Code: Select all: .---------------------.---------------------.---------------------. | 15B 4 9 | 3 2 8 | 157 6 17 | | 2 6 158 | 19 7 4 | 135 189 389 | | 18 7 3 | 19 6 5 | 2 4 89 | :---------------------+---------------------+---------------------: | 6 8 7 | 2 4 39 | 13 19 5 | | 159- 1359 125 | 6 58AC 7 | 4 89 2389 | | 4 359 25 | 58 1 39 | 6 7 2389 | :---------------------+---------------------+---------------------: | 1578 15 6 | 4 58 2 | 9 3 17 | | 15789 159 158 | 58 3 6 | 17 2 4 | | 3 2 4 | 7 9 1 | 8 5 6 | '---------------------'---------------------'---------------------'

allowing us eliminate 5 from r5c1.

by **Sudtyro** » Sun Sep 23, 2007 12:41 pm

Thanks, re’born, for the excellent “transport” examples and explanations.

Without knowing the technique’s name, I’ve actually been using something pretty much equivalent when working with a puzzle’s single-digit grids. I first look for the derived strong inferences in any (easy to spot) XYZ-Wings and then try to use those inferences to form grouped single-digit chains.

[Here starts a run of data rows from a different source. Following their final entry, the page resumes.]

(* Under Assumptions 1 and 2 below, the sequence $U_n$ defined by $U_n=U_{n-1}-\eta_nAU_{n-1}+\eta_n\xi_n$ satisfies $\mathbb{E}\|U_n\|_2^2\lesssim n^{-\alpha}(1+\|U_0\|_2^2+\|\Delta_0\|_2^2)$.
   Context: Setting: $\zeta_1,\zeta_2,\ldots$ i.i.d. from a distribution $\Pi$; $f(x,\zeta)$ a loss differentiable in $x\in\mathbb{R}^d$; $F(x)=\mathbb{E}_{\zeta\sim\Pi}f(x,\zeta)$ with minimizer $x^*$; SGD iterates $x_n=x_{n-1}-\eta_n\nabla f(x_{n-1},\zeta_n)$ with $\eta_n=\eta n^{-\alpha}$, $\eta>0$, $\alpha\in(0,1)$; $\Delta_n=x_n-x^*$; $\xi_n=\nabla F(x_{n-1})-\nabla f(x_{n-1},\zeta_n)$; $\mathcal{F}_n=\sigma(\zeta_1,\ldots,\zeta_n)$, $\mathbb{E}_n=\mathbb{E}(\cdot\mid\mathcal{F}_n)$; $S=\mathbb{E}[\nabla f(x^*,\zeta)\nabla f(x^*,\zeta)^T]$. Assumption 1: $F$ is continuously differentiable and $\mu$-strongly convex with $\mu>0$, $\nabla F$ is $L_F$-Lipschitz, and $A=\nabla^2F(x^* )$ exists. Assumption 2: (i) $\mathbb{E}_{n-1}\xi_n=0$; (ii) $\mathbb{E}_{n-1}\xi_n\xi_n^T=S+\Sigma(\Delta_{n-1})$ where for some $\kappa\in\{1,2\}$ and constant $\Sigma_2>0$, $\|\Sigma(\Delta)\|\le\Sigma_2(\|\Delta\|_2^\kappa+\|\Delta\|_2^2)$ and $|\mathrm{tr}\,\Sigma(\Delta)|\le\Sigma_2(\|\Delta\|_2^\kappa+\|\Delta\|_2^2)$; (iii) $\mathbb{E}_{n-1}\|\xi_n\|_2^4\le\Sigma_4(1+\|\Delta_{n-1}\|_2^4)$. $\lesssim$ means inequality up to a constant independent of $n$. *)

theory Defs
  imports "HOL-Analysis.Analysis" "HOL-Probability.Probability"
begin

definition strongly_convex :: "real \<Rightarrow> ('a::real_inner \<Rightarrow> real) \<Rightarrow> bool" where
  "strongly_convex \<mu> F \<longleftrightarrow> convex_on UNIV (\<lambda>x. F x - (\<mu> / 2) * (norm x)\<^sup>2)"

definition outer :: "real^'n \<Rightarrow> real^'n^'n" where
  "outer v = (\<chi> i j. v $ i * v $ j)"

primrec sgd_x :: "(real^'n \<Rightarrow> 'z \<Rightarrow> real^'n) \<Rightarrow> real \<Rightarrow> real \<Rightarrow> real^'n
    \<Rightarrow> (nat \<Rightarrow> 'w \<Rightarrow> 'z) \<Rightarrow> nat \<Rightarrow> 'w \<Rightarrow> real^'n" where
  "sgd_x gf \<eta> \<alpha> x0 \<zeta> 0 \<omega> = x0"
| "sgd_x gf \<eta> \<alpha> x0 \<zeta> (Suc n) \<omega> =
     sgd_x gf \<eta> \<alpha> x0 \<zeta> n \<omega>
     - (\<eta> * real (Suc n) powr (- \<alpha>)) *\<^sub>R gf (sgd_x gf \<eta> \<alpha> x0 \<zeta> n \<omega>) (\<zeta> (Suc n) \<omega>)"

definition sgd_xi :: "(real^'n \<Rightarrow> real^'n) \<Rightarrow> (real^'n \<Rightarrow> 'z \<Rightarrow> real^'n) \<Rightarrow> real \<Rightarrow> real
    \<Rightarrow> real^'n \<Rightarrow> (nat \<Rightarrow> 'w \<Rightarrow> 'z) \<Rightarrow> nat \<Rightarrow> 'w \<Rightarrow> real^'n" where
  "sgd_xi gF gf \<eta> \<alpha> x0 \<zeta> n \<omega> =
     gF (sgd_x gf \<eta> \<alpha> x0 \<zeta> (n - 1) \<omega>) - gf (sgd_x gf \<eta> \<alpha> x0 \<zeta> (n - 1) \<omega>) (\<zeta> n \<omega>)"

For example, the ALS’s in Steve R’s XYZ-Wing can be linked as
(5=9)r9c3 – (9=35)r48c2, or
(5=3)r4c2 – (3=95)r8c2|r9c3.
Hence, the derived strong inferences are
(5)r9c3 = (5)r48c2, and
(5)r4c2 = (5)r8c2|r9c3.

Looking now at the first tower of the 5’s grid (see below), one can then easily spot the two grouped AIC’s (effectively, grouped Turbot fish)
(5): r9c3 = r48c2 – r1c2 = r3c1 => r8c1 <> 5.
(5): r4c2 = r8c2|r9c3 – r8c1 = r3c1 => r1c2 <> 5.

Code: Select all: --------- . 5 . | . . . | 5 . . | --------+ . 5 5 | . . . | . . . | --------+ . . . | 5 5 . | . . 5 | ---------

You also pointed out the second elimination (r1c2 <> 5) in stating that “... it allows you to consider an xyz-wing with only 2 cells

.”

Hmmm...I think I’d better stick with the single-digit AIC’s!